In 2013, Governor Paul LePage considered eliminating the MLTI, being unconvinced it was needed to grow distance learning programs in schools, and due to concerns that students were too reliant on technology. His Education Commissioner, Stephen Bowen, convinced him to maintain the program by pointing out that bulk purchases of computers saved taxpayer money, and that technology was as essential as electricity and heat. LePage also switched the computers in the program to Windows operating system-based computers, on the belief that most employers in Maine use such a system. While the state choose a Windows platform, choice was also allowed. Districts could choose from any of the five solutions, with the state paying for anything up to the price of its choice.

As a result, over 90 percent of districts in Maine chose to remain with Apple with 60 percent choosing Apple's Primary Solution which provides Apple iPads to students and MacBook Airs and iPad Minis to teachers. The remaining districts that chose Apple received MacBook Airs for both staff and students.
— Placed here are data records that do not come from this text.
(* Let $(A,B)\in M_k(\mathbb{F}_q)\times M_{k,n-k}(\mathbb{F}_q)$ and let $T\in L(W,V)$ be the linear map whose matrix with respect to $\mathcal{B}_1,\mathcal{B}_2$ is $\begin{bmatrix}A^{\mathsf T}\\ B^{\mathsf T}\end{bmatrix}\in M_{n,k}(\mathbb{F}_q)$. Then $\operatorname{rank}\mathcal{C}(A,B)=k-\dim\mathfrak{I}(T)$, i.e. the pair $(A,B)$ has a reachability subspace of dimension $k-\dim\mathfrak{I}(T)$.
   Context: Let $\mathbb{F}_q$ be the finite field with $q$ elements, $n> k$ positive integers, $V$ an $n$-dimensional $\mathbb{F}_q$-vector space and $W\subseteq V$ a $k$-dimensional subspace. Fix an ordered basis $\mathcal{B}_1=(v_1,\ldots,v_k)$ of $W$ and extend it to an ordered basis $\mathcal{B}_2=(v_1,\ldots,v_n)$ of $V$. $L(W,V)$ is the space of linear maps $W\to V$; for $T\in L(W,V)$, $\mathfrak{I}(T)$ is the largest subspace $U\subseteq W$ with $T(U)\subseteq U$. For $(A,B)\in M_k(\mathbb{F}_q)\times M_{k,n-k}(\mathbb{F}_q)$, the reachability matrix is $\mathcal{C}(A,B)=[\,B\ \ AB\ \ \cdots\ \ A^{k-1}B\,]\in M_{k,k(n-k)}(\mathbb{F}_q)$, and $(A,B)$ is said to have an $r$-dimensional reachability subspace if $\operatorname{rank}\mathcal{C}(A,B)=r$. *)

theory Defs
  imports "Jordan_Normal_Form.DL_Rank"
begin

definition linear_on_subspace :: "('a::field \<Rightarrow> 'b::ab_group_add \<Rightarrow> 'b) \<Rightarrow> 'b set \<Rightarrow> ('b \<Rightarrow> 'b) \<Rightarrow> bool" where
  "linear_on_subspace scale W T \<longleftrightarrow>
     (\<forall>x\<in>W. \<forall>y\<in>W. T (x + y) = T x + T y) \<and> (\<forall>c. \<forall>x\<in>W. T (scale c x) = scale c (T x))"

definition largest_invariant_subspace :: "('a::field \<Rightarrow> 'b::ab_group_add \<Rightarrow> 'b) \<Rightarrow> 'b set \<Rightarrow> ('b \<Rightarrow> 'b) \<Rightarrow> 'b set" where
  "largest_invariant_subspace scale W T =
     (THE U. module.subspace scale U \<and> U \<subseteq> W \<and> T ` U \<subseteq> U \<and>
        (\<forall>U'. module.subspace scale U' \<and> U' \<subseteq> W \<and> T ` U' \<subseteq> U' \<longrightarrow> U' \<subseteq> U))"

text \<open>Reachability matrix C(A,B) = [B, AB, ..., A^(k-1) B] for A k x k and B k x m:
  column j*m + l (j < k, l < m) is column l of A^j B.\<close>
definition reach_mat :: "'a::field mat \<Rightarrow> 'a mat \<Rightarrow> 'a mat" where
  "reach_mat A B = (let k = dim_row A; m = dim_col B in
     mat k (k * m) (\<lambda>(i, j). ((A ^\<^sub>m (j div m)) * B) $$ (i, j mod m)))"

end

theory Submission
  imports Defs "Jordan_Normal_Form.Matrix_Kernel"
begin

(* In coordinates x with respect to v_1, ..., v_k, the map T sends w \<in> W to the vector with
   W-coordinates A^T x and complementary coordinates B^T x. So T w stays in W iff B^T x = 0, and
   the vectors whose first m iterates stay in W are those with B^T (A^T)^j x = 0 for all j < m.
   These sets form a decreasing chain of subspaces of W, which stabilises after at most dim W = k
   steps, and its stable value is the largest T-invariant subspace of W. For m = k the condition
   says exactly that x is in the kernel of C(A,B)^T, so dim I(T) = k - rank C(A,B)^T
   = k - rank C(A,B). *)

section \<open>Rank of a matrix and of its transpose\<close>

lemma (in vec_space) span_cols_eq_mult_image:
  assumes M: "M \<in> carrier_mat n p"
  shows "span (set (cols M)) = (\<lambda>x. M *\<^sub>v x) ` carrier_vec p"
proof -
  have cols: "set (cols M) \<subseteq> carrier_vec n" using M cols_dim by blast
  have "\<forall>w \<in> set (cols M). dim_vec w = n" using cols by auto
  then have lincomb: "lincomb_list c (cols M) = M *\<^sub>v vec p c" for c
    using lincomb_list_as_mat_mult[of "cols M" c] M mat_of_cols_cols[of M] by (simp add: carrier_matD)
  have "span (set (cols M)) = range (\<lambda>c. lincomb_list c (cols M))"
    unfolding span_list_as_span[OF cols, symmetric] span_list_def by auto
  also have "\<dots> = (\<lambda>x. M *\<^sub>v x) ` carrier_vec p"
  proof (intro equalityI subsetI)
    fix y assume "y \<in> (\<lambda>x. M *\<^sub>v x) ` carrier_vec p"
    then obtain x where x: "x \<in> carrier_vec p" "y = M *\<^sub>v x" by auto
    moreover have "vec p (\<lambda>i. x $ i) = x" using x by auto
    ultimately have "y = lincomb_list (\<lambda>i. x $ i) (cols M)" using lincomb by metis
    then show "y \<in> range (\<lambda>c. lincomb_list c (cols M))" by auto
  qed (auto simp: lincomb)
  finally show ?thesis .
qed

lemma kernel_dim_plus_rank:
  fixes M :: "'a::field mat"
  assumes M: "M \<in> carrier_mat m p"
  shows "kernel_dim M + vec_space.rank m M = p"
proof -
  interpret VP: vec_space "TYPE('a)" p .
  interpret VM: vec_space "TYPE('a)" m .
  interpret L: linear_map class_ring "module_vec TYPE('a) p" "module_vec TYPE('a) m" "\<lambda>x. M *\<^sub>v x"
    by unfold_locales
      (use M in \<open>auto simp: LinearCombinations.module_hom_def module_vec_simps class_ring_simps
        mult_add_distrib_mat_vec mult_mat_vec\<close>)
  interpret K: kernel m p M by unfold_locales (rule M)
  have ker: "L.kerT = mat_kernel M"
    unfolding mod_hom.ker_def[OF L.mod_hom_axioms] mat_kernel_def using M by auto
  have im: "L.imT = VM.span (set (cols M))"
    unfolding mod_hom.im_def[OF L.mod_hom_axioms] VM.span_cols_eq_mult_image[OF M] by auto
  have "vectorspace.dim class_ring (VM.vs L.imT) + vectorspace.dim class_ring (VP.vs L.kerT) = VP.dim"
    by (rule L.rank_nullity) simp
  then show ?thesis unfolding ker im VP.dim_is_n VM.rank_def K.kernel_dim[symmetric] by simp
qed

lemma (in vec_space) dim_span_mono:
  assumes S1: "S1 \<subseteq> carrier_vec n" and S2: "S2 \<subseteq> carrier_vec n"
    and f1: "finite S1" and f2: "finite S2" and sub: "span S1 \<subseteq> span S2"
  shows "vectorspace.dim class_ring (vs (span S1)) \<le> vectorspace.dim class_ring (vs (span S2))"
proof -
  have ss1: "subspace class_ring (span S1) V" and ss2: "subspace class_ring (span S2) V"
    using span_is_subspace S1 S2 by simp_all
  have fd1: "vectorspace.fin_dim class_ring ((vs (span S2))\<lparr>carrier := span S1\<rparr>)"
    using fin_dim_span[OF f1] S1 by simp
  show ?thesis
    using vectorspace.subspace_dim[OF subspace_is_vs[OF ss2] nested_subspaces[OF ss2 ss1 sub]
        fin_dim_span[OF f2] fd1] S2
    by simp
qed

lemma rank_mult_le_left:
  fixes M :: "'a::field mat"
  assumes M: "M \<in> carrier_mat m r" and N: "N \<in> carrier_mat r p"
  shows "vec_space.rank m (M * N) \<le> vec_space.rank m M"
proof -
  interpret vec_space "TYPE('a)" m .
  have cols_MN: "set (cols (M * N)) \<subseteq> carrier_vec m" and cols_M: "set (cols M) \<subseteq> carrier_vec m"
    using M N cols_dim[of "M * N"] cols_dim[of M] by auto
  have "set (cols (M * N)) \<subseteq> span (set (cols M))"
  proof
    fix c assume "c \<in> set (cols (M * N))"
    then obtain j where j: "j < p" and "c = col (M * N) j" using N by (auto simp: cols_def)
    then have "c = M *\<^sub>v col N j" using col_mult2[OF M N j] by (simp only:)
    then show "c \<in> span (set (cols M))" using span_cols_eq_mult_image[OF M] N j by auto
  qed
  then have "span (set (cols (M * N))) \<subseteq> span (set (cols M))"
    using span_subsetI[OF cols_M] by simp
  then show ?thesis unfolding rank_def using dim_span_mono[OF cols_MN cols_M] by simp
qed

lemma rank_factorization:
  fixes M :: "'a::field mat"
  assumes M: "M \<in> carrier_mat m p"
  obtains P Q where "P \<in> carrier_mat m (vec_space.rank m M)"
    and "Q \<in> carrier_mat (vec_space.rank m M) p" and "M = P * Q"
proof -
  interpret vec_space "TYPE('a)" m .
  define R where "R = span (set (cols M))"
  have cols_M: "set (cols M) \<subseteq> carrier_vec m" using M cols_dim by blast
  have R_subspace: "subspace class_ring R V" unfolding R_def using span_is_subspace cols_M by simp
  have R_vs: "vectorspace class_ring (vs R)" using subspace_is_vs[OF R_subspace] .
  obtain Bs where fin_Bs: "finite Bs" and basis_Bs: "vectorspace.basis class_ring (vs R) Bs"
    using vectorspace.finite_basis_exists[OF R_vs] fin_dim_span_cols[OF M] unfolding R_def by blast
  have rank_M: "rank M = card Bs"
    unfolding rank_def using vectorspace.dim_basis[OF R_vs fin_Bs basis_Bs] unfolding R_def by simp
  have Bs_R: "Bs \<subseteq> R" and "LinearCombinations.module.span class_ring (vs R) Bs = R"
    using basis_Bs unfolding vectorspace.basis_def[OF R_vs] by auto
  then have span_Bs: "span Bs = R"
    using span_li_not_depend(1)[OF Bs_R] R_subspace unfolding subspace_def by simp
  obtain bs where set_bs: "set bs = Bs" and "distinct bs" using finite_distinct_list[OF fin_Bs] by blast
  then have len_bs: "length bs = rank M" using rank_M distinct_card by metis
  have bs_carrier: "set bs \<subseteq> carrier_vec m"
    using set_bs Bs_R span_is_subset2[OF cols_M] unfolding R_def by auto
  define P where "P = mat_of_cols m bs"
  have P: "P \<in> carrier_mat m (rank M)" unfolding P_def len_bs[symmetric] by simp
  have span_P: "span (set (cols P)) = R"
    unfolding P_def cols_mat_of_cols[OF bs_carrier] set_bs span_Bs ..
  have "\<exists>q \<in> carrier_vec (rank M). col M j = P *\<^sub>v q" if "j < p" for j
  proof -
    have "col M j \<in> set (cols M)" using M that by (simp add: cols_def)
    then have "col M j \<in> R" unfolding R_def using in_own_span[OF cols_M] by blast
    then show ?thesis unfolding span_P[symmetric] span_cols_eq_mult_image[OF P] by auto
  qed
  then obtain q where q: "\<And>j. j < p \<Longrightarrow> q j \<in> carrier_vec (rank M) \<and> col M j = P *\<^sub>v q j"
    by metis
  define Q where "Q = mat (rank M) p (\<lambda>(i, j). q j $ i)"
  have Q: "Q \<in> carrier_mat (rank M) p" unfolding Q_def by simp
  have "M = P * Q"
  proof (rule eq_matI)
    fix i j assume "i < dim_row (P * Q)" and "j < dim_col (P * Q)"
    then have i: "i < m" and j: "j < p" using P Q by auto
    have "col Q j = q j" using q[OF j] j unfolding Q_def by (intro eq_vecI) auto
    then have "(P * Q) $$ (i, j) = (P *\<^sub>v q j) $ i" using i j P Q by simp
    also have "\<dots> = col M j $ i" using q[OF j] by simp
    finally show "M $$ (i, j) = (P * Q) $$ (i, j)" using i j M by simp
  qed (use M P Q in auto)
  with P Q show ?thesis by (rule that)
qed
Less than 10 percent chose the HP Windows solution.

==Criticism==
Due to the one-size-fits-all approach, the program has created a large financial burden for many rural areas of the state. For example, the Maine School Administrative District #39, which oversees schools in the low mountains of western Maine, has had many problems with the introduction of Apple iBooks into schools. Schools in the district, including Buckfield Junior/Senior High School, had previously used PCs with a network that was "hard to integrate with Apple products without buying expensive products the district cannot afford." Another expense that the district incurred as a result of the program was the cost of hiring a new technician to solve problems outside of the repair warranty of the computers. Finally, the district does not allow students to take the laptops home after school due to the extra costs involved, including the cost of buying additional power adapters for all students and the cost of maintenance for breakage that occurs at the students’ homes.

The hardest part of the initiative for these rural districts was the fact that they were forced to integrate Apple products into formerly Windows-centered buildings. However, "as John Sculley told The Guardian newspaper in 1997: 'People talk about technology, but Apple was a marketing company. It was the marketing company of the decade.'" As a result of their marketing, persistence, and strategic relationship with the state of Maine on the initiative, Apple won the proposal and entered many schools statewide.